"Infinite Mind is the creator." writes Mrs. Eddy, beginning on page 256 of her textbook, "Science and Health with Key to the Scriptures," "and creation is the infinite image or idea emanating from this Mind. If Mind is within and without all things, then all is Mind: and this definition is scientific." Creation is not a multitudinous array of ideas materially expressed as things, as is generally supposed, but is the infinite idea of Mind infinitely expressed in an infinitude of variety. Mind or God is the original of that image. In other words, God is all that there is. And because God is omnipresent, the natural conclusion is that the manifestation of the one presence— or God expressed as idea—is the only presence, whether it be called bird, blossom, loaves, or glacier.

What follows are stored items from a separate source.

theorem is_2graph_quotient: "is_2graph QM QR QS QC QD"
  unfolding is_2graph_def
proof (intro conjI ballI allI impI)
  have "p \<in> V \<times> lists E" if "valid p" for p
    using valid_path_fst[OF that] valid_path_edges[OF that] by (simp add: mem_Times_iff lists_eq_set)
  then have "{p. valid p} \<subseteq> V \<times> lists E"
    by blast
  then have "countable {p. valid p}"
    by (rule countable_subset) (simp add: countable_V countable_E)
  then show "countable QM"
    unfolding quot_mor_def by (rule countable_image)
next
  fix x assume "x \<in> QM"
  then obtain p where p: "valid p" "x = cls p"
    by (rule quot_mor_cases)
  then have ends: "valid (fst p, [])" "valid (psrc p, [])"
    by (simp_all add: valid_path_def path_src_in)
  with p show "QR x \<in> QM" "QS x \<in> QM" "QR (QR x) = QR x" "QS (QR x) = QR x"
    "QR (QS x) = QS x" "QS (QS x) = QS x" "QD (QR x) = 0"
    by (simp_all add: pclass_in_quot_mor path_deg_def)
  from p ends show "QC (QR x) x = x" "QC x (QS x) = x"
    by (simp_all add: quot_comp_pclass)
next
  fix x y assume "x \<in> QM" "y \<in> QM" and xy: "QS x = QR y"
  then obtain p q where pq: "valid p" "valid q" "x = cls p" "y = cls q"
    by (meson quot_mor_cases)
  with xy have "psrc p = fst q"
    by (simp add: vertex_pclass_eq_iff)
  with pq show "QC x y \<in> QM" "QR (QC x y) = QR x" "QS (QC x y) = QS y"
    "QD (QC x y) = QD x + QD y"
    by (simp_all add: quot_comp_pclass pclass_in_quot_mor valid_path_cat path_src_cat path_deg_cat)
next
  fix x y z assume "x \<in> QM" "y \<in> QM" "z \<in> QM" and xyz: "QS x = QR y \<and> QS y = QR z"
  then obtain p q t where pqt: "valid p" "valid q" "valid t" "x = cls p" "y = cls q" "z = cls t"
    by (meson quot_mor_cases)
  with xyz have "psrc p = fst q" "psrc q = fst t"
    by (simp_all add: vertex_pclass_eq_iff)
  with pqt show "QC (QC x y) z = QC x (QC y z)"
    by (simp add: quot_comp_pclass valid_path_cat path_src_cat path_cat_assoc)
next
  fix x m n assume x: "x \<in> QM" and deg: "QD x = m + n"
  from x obtain p where p: "valid p" "x = cls p"
    by (rule quot_mor_cases)
  with deg have "pdeg p = m + n"
    by simp
  with p(1) show "\<exists>!y. fst y \<in> QM \<and> snd y \<in> QM \<and> QS (fst y) = QR (snd y) \<and>
      QD (fst y) = m \<and> QD (snd y) = n \<and> QC (fst y) (snd y) = x"
    unfolding p(2) by (rule quot_factorization)
qed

Now if mankind understood and accepted this truth, love would be universal and the kingdom of heaven would be recognized as an ever persent fact; there would be nothing to fear, nothing to dread, nothing to hate. One hates and fears only that which he fails to understand. Ignorance is the basic element of fear; vice versa, one loves that which he understands; so the necessity of understanding creation is obvious. The seeming universal ignorance of what man is rests in one tray of the Adamic balance, while in the other is a proportionate measure of seeming effect, in the form of "last farthings" paid in tribute for this ignorance. But why the ignorance, since we are told definitely in the first chapter of Genesis that man was made in the image and likeness of God? Then since "Creation is the infinite image,"' does it not follow that man (His image) is creation?
God is indivisible, and the inseparable allness of God is His oneness, the unity of good. So the allness of God must be expressed at every point, else He is not the infinite One. The completeness of idea in Science does away with all possibility of division and separation, but mortal mind, in its perversity, insists upon division and separation, with "minds many" as its symbol. This phase of mortal mind is handled masterfully by Mrs. Eddy on page 510 of Science and Health, under the marginal heading, "Spiritual subdivision." Here she says: "Science reveals only one Mind, and this one shining by its own light and governing the universe, including man, in perfect harmony. This Mind forms ideas, its own images, subdivides and radiates their borrowed light, intelligence, and so explains the Scripture phrase, 'whose seed is in itself.' Thus God's ideas 'multiply and replenish the earth.' The divine Mind supports the sublimity magnitude, and infinitude of spiritual creation." The metaphysical fact is that "the universe, including man," is governed in "perfect harmony," because universe includes nothing but God manifested in infinite variety, and God is not at variance with Himself.